== RECORDS SUPPLIED

(* Let $\hat{\mathbf A}\in\mathbb R^{p\times r}$ and an orthogonal $\hat{\mathbf P}\in\mathbb R^{r\times r}$ be random with $(\hat{\mathbf A},\hat{\mathbf P})$ independent of $\{\omega_{ij}:i\in\mathcal N_2,j\in[p]\}$, and set $\mathbf A^*=\mathbf V_r^*\hat{\mathbf P}$, $\boldsymbol\Theta^*=\mathbf U_r^*\mathbf D_r^*\hat{\mathbf P}$. If $\|\mathbf U_r^*\mathbf D_r^*\|_{2\to\infty}\le C_1$ and $\|\hat{\mathbf A}\|_{2\to\infty},\|\mathbf V_r^*\|_{2\to\infty}\le C_2$, then with probability at least $1-1/n$, $$\max_{i\in\mathcal N_2}\beta_{1,i}(\hat{\mathbf A})\le C_1^2C_2\Big\{\pi_{\max}\|\hat{\mathbf A}-\mathbf A^*\|_F^2+4\pi_{\max}^{1/2}C_2(\log n)^{1/2}\|\hat{\mathbf A}-\mathbf A^*\|_F+4C_2^2\log n\Big\}.$$
   Context: $\mathbf M^*\in\mathbb R^{n\times p}$ is deterministic of rank $r$ with compact SVD $\mathbf U_r^*\mathbf D_r^*(\mathbf V_r^* )^T$ ($\mathbf U_r^*,\mathbf V_r^*$ with orthonormal columns). The $\omega_{ij}\in\{0,1\}$ are independent Bernoulli$(\pi_{ij})$, $\pi_{\max}=\max\pi_{ij}$. $\mathcal N_2\subset[n]$ is fixed. With rows $\hat{\mathbf a}_j^T,\mathbf a_j^{*T},\boldsymbol\theta_i^{*T}$ of $\hat{\mathbf A},\mathbf A^*,\boldsymbol\Theta^*$: $\beta_{1,i}(\hat{\mathbf A})=\sup_{\|\mathbf u\|=1}\sum_{j=1}^p\omega_{ij}((\hat{\mathbf a}_j-\mathbf a_j^* )^T\boldsymbol\theta_i^* )^2|\hat{\mathbf a}_j^T\mathbf u|$. $\|\cdot\|_F$ Frobenius norm, $\|X\|_{2\to\infty}$ maximal row Euclidean norm. *)

theory Defs
  imports "HOL-Probability.Probability"
begin

text \<open>Matrices are represented as functions nat => nat => real, with explicit
  row/column bounds; indices are 0-based.\<close>

definition matmul :: "(nat \<Rightarrow> nat \<Rightarrow> real) \<Rightarrow> (nat \<Rightarrow> nat \<Rightarrow> real) \<Rightarrow> nat \<Rightarrow> nat \<Rightarrow> nat \<Rightarrow> real"
  where "matmul A B m = (\<lambda>i k. \<Sum>l<m. A i l * B l k)"

definition orthonormal_cols :: "nat \<Rightarrow> nat \<Rightarrow> (nat \<Rightarrow> nat \<Rightarrow> real) \<Rightarrow> bool"
  where "orthonormal_cols nr nc U \<longleftrightarrow>
    (\<forall>k<nc. \<forall>l<nc. (\<Sum>i<nr. U i k * U i l) = (if k = l then 1 else 0))"

definition frob_norm :: "nat \<Rightarrow> nat \<Rightarrow> (nat \<Rightarrow> nat \<Rightarrow> real) \<Rightarrow> real"
  where "frob_norm nr nc A = sqrt (\<Sum>i<nr. \<Sum>j<nc. (A i j)\<^sup>2)"

definition two_inf_norm :: "nat \<Rightarrow> nat \<Rightarrow> (nat \<Rightarrow> nat \<Rightarrow> real) \<Rightarrow> real"
  where "two_inf_norm nr nc A =
    Max (insert 0 ((\<lambda>i. sqrt (\<Sum>j<nc. (A i j)\<^sup>2)) ` {..<nr}))"

text \<open>beta_{1,i}(Ahat) = sup_{||u||=1} sum_j w_ij ((ahat_j - a*_j)^T theta*_i)^2 |ahat_j^T u|,
  where w_ij are given as the 0/1 function wi, Theta* row i is theta.\<close>
definition beta1 :: "nat \<Rightarrow> nat \<Rightarrow> (nat \<Rightarrow> bool) \<Rightarrow> (nat \<Rightarrow> nat \<Rightarrow> real)
    \<Rightarrow> (nat \<Rightarrow> nat \<Rightarrow> real) \<Rightarrow> (nat \<Rightarrow> real) \<Rightarrow> real"
  where "beta1 p r wi Ahat Astar theta =
    Sup ((\<lambda>u. \<Sum>j<p. of_bool (wi j) * (\<Sum>k<r. (Ahat j k - Astar j k) * theta k)\<^sup>2
                  * \<bar>\<Sum>k<r. Ahat j k * u k\<bar>)
         ` {u. (\<Sum>k<r. (u k)\<^sup>2) = 1})"

end

theory Submission
  imports Defs
begin

text \<open>
  Deterministically, Cauchy-Schwarz and the fact that the orthogonal matrix P
  does not increase row norms give beta_1i <= C1^2 C2 sum_j omega_ij W_j, where
  W_j = |a_j - a*_j|^2 lies in [0, 4 C2^2]. The weights are functions of (A, P), which is
  independent of the Bernoulli row omega_i; as the joint law is the product of the marginals, it
  suffices to bound the tail for every fixed value of the weights (Fubini). For fixed weights a
  Chernoff bound, with the exponent chosen through ln (1 + y) >= 2y / (2 + y), gives the
  Bernstein-type estimate sum_j omega_ij W_j <= pi_max W + 4 C2 sqrt (pi_max W log n) + 4 C2^2 log n
  outside an event of probability n^-2, where W = sum_j W_j. A union bound over the at most n
  rows finishes the proof.
\<close>

section \<open>Chernoff bounds for weighted Bernoulli sums\<close>

lemma ln_one_plus_ge:
  fixes y :: real
  assumes "0 \<le> y"
  shows "2 * y / (2 + y) \<le> ln (1 + y)"
proof -
  define f where "f t = ln (1 + t) - 2 * t / (2 + t)" for t :: real
  have "f 0 \<le> f y"
  proof (rule DERIV_nonneg_imp_nondecreasing[OF assms])
    fix t :: real assume t: "0 \<le> t" "t \<le> y"
    have "(f has_real_derivative 1 / (1 + t) - 4 / (2 + t)\<^sup>2) (at t)"
      unfolding f_def using t
      by (auto intro!: derivative_eq_intros simp: power2_eq_square field_simps)
    moreover have "4 / (2 + t)\<^sup>2 \<le> 1 / (1 + t)"
      using t by (simp add: divide_simps power2_eq_square algebra_simps)
    ultimately show "\<exists>d. (f has_real_derivative d) (at t) \<and> 0 \<le> d" by auto
  qed
  then show ?thesis by (simp add: f_def)
qed

text \<open>With a^2 = pi_max W / b and l^2 = L, the left-hand side is the Chernoff exponent at
  rate kappa / b for the threshold b (a + l)^2.\<close>
lemma exists_chernoff_rate:
  fixes a l :: real
  assumes a: "0 \<le> a" and l: "0 < l"
  shows "\<exists>\<kappa>>0. a\<^sup>2 * (exp \<kappa> - 1) - \<kappa> * (a + l)\<^sup>2 \<le> - 2 * l\<^sup>2"
proof (cases "a = 0")
  case True
  then show ?thesis by (intro exI[of _ 2]) simp
next
  case False
  with a have a: "0 < a" by simp
  define \<kappa> where "\<kappa> = 2 * ln (1 + l / a)"
  have \<kappa>: "0 < \<kappa>" using a l by (simp add: \<kappa>_def ln_gt_zero)
  have "0 < 1 + l / a" using a l by (simp add: add_pos_pos)
  then have "exp \<kappa> = (1 + l / a)\<^sup>2"
    by (simp add: \<kappa>_def exp_of_nat_mult[of 2, simplified] power2_eq_square)
  then have growth: "a\<^sup>2 * (exp \<kappa> - 1) = 2 * a * l + l\<^sup>2"
    using a by (simp add: power2_eq_square field_simps)
  have "4 * l / (2 * a + l) \<le> \<kappa>"
    using ln_one_plus_ge[of "l / a"] a l by (simp add: \<kappa>_def field_simps)
  then have "4 * l / (2 * a + l) * (a + l)\<^sup>2 \<le> \<kappa> * (a + l)\<^sup>2"
    by (rule mult_right_mono) simp
  moreover have "l * (2 * a + 3 * l) \<le> 4 * l / (2 * a + l) * (a + l)\<^sup>2"
    using a l by (simp add: field_simps power2_eq_square)
  ultimately show ?thesis
    using growth \<kappa> by (intro exI[of _ \<kappa>]) (simp add: power2_eq_square algebra_simps)
qed

lemma bernoulli_mgf_le:
  fixes q pm w b s :: real
  assumes "0 \<le> q" "q \<le> pm" "0 \<le> w" "w \<le> b" "0 < b" "0 \<le> s"
  shows "1 + q * (exp (s * w) - 1) \<le> exp (pm * w / b * (exp (s * b) - 1))"
proof -
  have "exp (w / b * (s * b)) - 1 \<le> w / b * (exp (s * b) - 1)"
    using convex_onD[OF exp_convex, of "w / b" 0 "s * b"] assms by (simp add: algebra_simps)
  then have "exp (s * w) - 1 \<le> w / b * (exp (s * b) - 1)"
    using assms by (simp add: mult.commute)
  moreover have "0 \<le> exp (s * w) - 1"
    using assms by simp
  ultimately have "q * (exp (s * w) - 1) \<le> pm * (w / b * (exp (s * b) - 1))"
    using assms by (intro mult_mono) auto
  also have "1 + pm * (w / b * (exp (s * b) - 1)) \<le> exp (pm * (w / b * (exp (s * b) - 1)))"
    by (rule exp_ge_add_one_self)
  finally show ?thesis by (simp add: ac_simps)
qed

lemma (in prob_space) expectation_exp_bernoulli:
  assumes X: "X \<in> measurable M (count_space UNIV)"
    and bern: "distr M (count_space UNIV) X = measure_pmf (bernoulli_pmf q)"
    and q: "0 \<le> q" "q \<le> 1"
  shows "expectation (\<lambda>x. exp (c * of_bool (X x))) = 1 + q * (exp c - 1)"
proof -
  have "expectation (\<lambda>x. exp (c * of_bool (X x)))
      = integral\<^sup>L (distr M (count_space UNIV) X) (\<lambda>t. exp (c * of_bool t))"
    by (simp add: integral_distr[OF X])
  also have "\<dots> = 1 + q * (exp c - 1)"
    using q by (simp add: bern algebra_simps)
  finally show ?thesis .
qed

lemma (in prob_space) weighted_bernoulli_chernoff:
  fixes X :: "'j \<Rightarrow> 'a \<Rightarrow> bool" and q w :: "'j \<Rightarrow> real"
  assumes J: "finite J"
    and indep: "indep_vars (\<lambda>_. count_space UNIV) X J"
    and bern: "\<And>j. j \<in> J \<Longrightarrow> distr M (count_space UNIV) (X j) = measure_pmf (bernoulli_pmf (q j))"
    and q: "\<And>j. j \<in> J \<Longrightarrow> 0 \<le> q j \<and> q j \<le> 1 \<and> q j \<le> pm"
    and w: "\<And>j. j \<in> J \<Longrightarrow> 0 \<le> w j \<and> w j \<le> b"
    and b: "0 < b" and s: "0 < s"
  shows "prob {x \<in> space M. B \<le> (\<Sum>j\<in>J. of_bool (X j x) * w j)}
    \<le> exp (pm * (\<Sum>j\<in>J. w j) / b * (exp (s * b) - 1) - s * B)"
proof -
  define Y where "Y j x = exp (s * w j * of_bool (X j x))" for j x
  have rv: "X j \<in> measurable M (count_space UNIV)" if "j \<in> J" for j
    using indep that by (auto simp: indep_vars_def)
  have indep_Y: "indep_vars (\<lambda>_. borel) Y J"
    unfolding Y_def by (rule indep_vars_compose2[OF indep]) simp
  have Y_int: "integrable M (Y j)" if "j \<in> J" for j
  proof (rule integrable_const_bound[where B = "exp (s * b)"])
    show "AE x in M. norm (Y j x) \<le> exp (s * b)"
      using w[OF that] s by (auto simp: Y_def intro!: mult_left_mono)
  qed (use indep_Y that in \<open>auto simp: indep_vars_def\<close>)
  have exp_S: "exp (s * (\<Sum>j\<in>J. of_bool (X j x) * w j)) = (\<Prod>j\<in>J. Y j x)" for x
    by (simp add: Y_def exp_sum[OF J, symmetric] sum_distrib_left mult_ac)
  have prod_int: "integrable M (\<lambda>x. \<Prod>j\<in>J. Y j x)"
    by (rule indep_vars_integrable[OF J indep_Y Y_int])
  have "prob {x \<in> space M. B \<le> (\<Sum>j\<in>J. of_bool (X j x) * w j)}
      \<le> exp (- s * B) * (\<integral>x \<in> space M. exp (s * (\<Sum>j\<in>J. of_bool (X j x) * w j)) \<partial>M)"
    using s integrable_mult_indicator[OF sets.top prod_int]
    by (intro Chernoff_ineq_ge) (simp_all add: exp_S set_integrable_def)
  also have "(\<integral>x \<in> space M. exp (s * (\<Sum>j\<in>J. of_bool (X j x) * w j)) \<partial>M) = (\<Prod>j\<in>J. expectation (Y j))"
    using prod_int indep_vars_lebesgue_integral[OF J indep_Y Y_int]
    by (simp add: exp_S set_integral_space)
  also have "\<dots> \<le> (\<Prod>j\<in>J. exp (pm * w j / b * (exp (s * b) - 1)))"
  proof (rule prod_mono)
    fix j assume j: "j \<in> J"
    have "expectation (Y j) = 1 + q j * (exp (s * w j) - 1)"
      unfolding Y_def using q[OF j] by (intro expectation_exp_bernoulli rv bern j) auto
    moreover have "0 \<le> exp (s * w j) - 1"
      using w[OF j] s by simp
    ultimately show "0 \<le> expectation (Y j) \<and> expectation (Y j) \<le> exp (pm * w j / b * (exp (s * b) - 1))"
      using q[OF j] w[OF j] b s bernoulli_mgf_le[of "q j" pm "w j" b s] by simp
  qed
  also have "\<dots> = exp (pm * (\<Sum>j\<in>J. w j) / b * (exp (s * b) - 1))"
    by (simp add: exp_sum[OF J, symmetric] sum_distrib_left sum_distrib_right sum_divide_distrib)
  finally show ?thesis
    by (simp add: mult_left_mono exp_diff exp_minus field_simps)
qed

====

TASK ITEM
From the data above, copy each line where the string "Longrightarrow" appears.

ANSWER TO THE PROBLEM
    and bern: "\<And>j. j \<in> J \<Longrightarrow> distr M (count_space UNIV) (X j) = measure_pmf (bernoulli_pmf (q j))"
    and q: "\<And>j. j \<in> J \<Longrightarrow> 0 \<le> q j \<and> q j \<le> 1 \<and> q j \<le> pm"
    and w: "\<And>j. j \<in> J \<Longrightarrow> 0 \<le> w j \<and> w j \<le> b"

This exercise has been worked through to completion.